Dataset entries

• • • • • • •

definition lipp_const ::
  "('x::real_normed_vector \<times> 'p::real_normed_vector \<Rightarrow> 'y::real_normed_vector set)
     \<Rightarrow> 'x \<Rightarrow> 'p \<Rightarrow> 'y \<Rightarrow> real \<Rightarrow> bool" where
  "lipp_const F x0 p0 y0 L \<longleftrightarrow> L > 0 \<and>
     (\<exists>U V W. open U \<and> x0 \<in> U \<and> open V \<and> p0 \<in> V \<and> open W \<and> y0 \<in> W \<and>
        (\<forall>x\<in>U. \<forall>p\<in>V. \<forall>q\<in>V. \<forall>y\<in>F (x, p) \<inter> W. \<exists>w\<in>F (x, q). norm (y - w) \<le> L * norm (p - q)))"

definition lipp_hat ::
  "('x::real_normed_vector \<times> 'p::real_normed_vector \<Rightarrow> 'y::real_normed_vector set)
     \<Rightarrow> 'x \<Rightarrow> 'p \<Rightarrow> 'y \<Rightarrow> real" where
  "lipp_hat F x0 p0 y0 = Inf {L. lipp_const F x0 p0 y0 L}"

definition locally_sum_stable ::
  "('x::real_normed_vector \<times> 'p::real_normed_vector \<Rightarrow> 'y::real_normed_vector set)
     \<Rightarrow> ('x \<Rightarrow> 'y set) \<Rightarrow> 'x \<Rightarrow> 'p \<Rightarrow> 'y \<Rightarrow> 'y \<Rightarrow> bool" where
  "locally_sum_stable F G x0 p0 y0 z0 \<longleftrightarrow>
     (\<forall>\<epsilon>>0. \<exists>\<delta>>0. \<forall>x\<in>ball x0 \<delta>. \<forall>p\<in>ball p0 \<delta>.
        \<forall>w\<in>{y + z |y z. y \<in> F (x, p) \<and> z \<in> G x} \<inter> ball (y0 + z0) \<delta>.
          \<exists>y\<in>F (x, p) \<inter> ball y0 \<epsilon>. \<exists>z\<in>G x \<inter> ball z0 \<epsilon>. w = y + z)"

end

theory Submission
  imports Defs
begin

• • • • • • •

Problem to solve
Copy every entry exactly, leaving nothing out.

Task output
definition lipp_const ::
  "('x::real_normed_vector \<times> 'p::real_normed_vector \<Rightarrow> 'y::real_normed_vector set)
     \<Rightarrow> 'x \<Rightarrow> 'p \<Rightarrow> 'y \<Rightarrow> real \<Rightarrow> bool" where
  "lipp_const F x0 p0 y0 L \<longleftrightarrow> L > 0 \<and>
     (\<exists>U V W. open U \<and> x0 \<in> U \<and> open V \<and> p0 \<in> V \<and> open W \<and> y0 \<in> W \<and>
        (\<forall>x\<in>U. \<forall>p\<in>V. \<forall>q\<in>V. \<forall>y\<in>F (x, p) \<inter> W. \<exists>w\<in>F (x, q). norm (y - w) \<le> L * norm (p - q)))"

definition lipp_hat ::
  "('x::real_normed_vector \<times> 'p::real_normed_vector \<Rightarrow> 'y::real_normed_vector set)
     \<Rightarrow> 'x \<Rightarrow> 'p \<Rightarrow> 'y \<Rightarrow> real" where
  "lipp_hat F x0 p0 y0 = Inf {L. lipp_const F x0 p0 y0 L}"

definition locally_sum_stable ::
  "('x::real_normed_vector \<times> 'p::real_normed_vector \<Rightarrow> 'y::real_normed_vector set)
     \<Rightarrow> ('x \<Rightarrow> 'y set) \<Rightarrow> 'x \<Rightarrow> 'p \<Rightarrow> 'y \<Rightarrow> 'y \<Rightarrow> bool" where
  "locally_sum_stable F G x0 p0 y0 z0 \<longleftrightarrow>
     (\<forall>\<epsilon>>0. \<exists>\<delta>>0. \<forall>x\<in>ball x0 \<delta>. \<forall>p\<in>ball p0 \<delta>.
        \<forall>w\<in>{y + z |y z. y \<in> F (x, p) \<and> z \<in> G x} \<inter> ball (y0 + z0) \<delta>.
          \<exists>y\<in>F (x, p) \<inter> ball y0 \<epsilon>. \<exists>z\<in>G x \<inter> ball z0 \<epsilon>. w = y + z)"

end

theory Submission
  imports Defs
begin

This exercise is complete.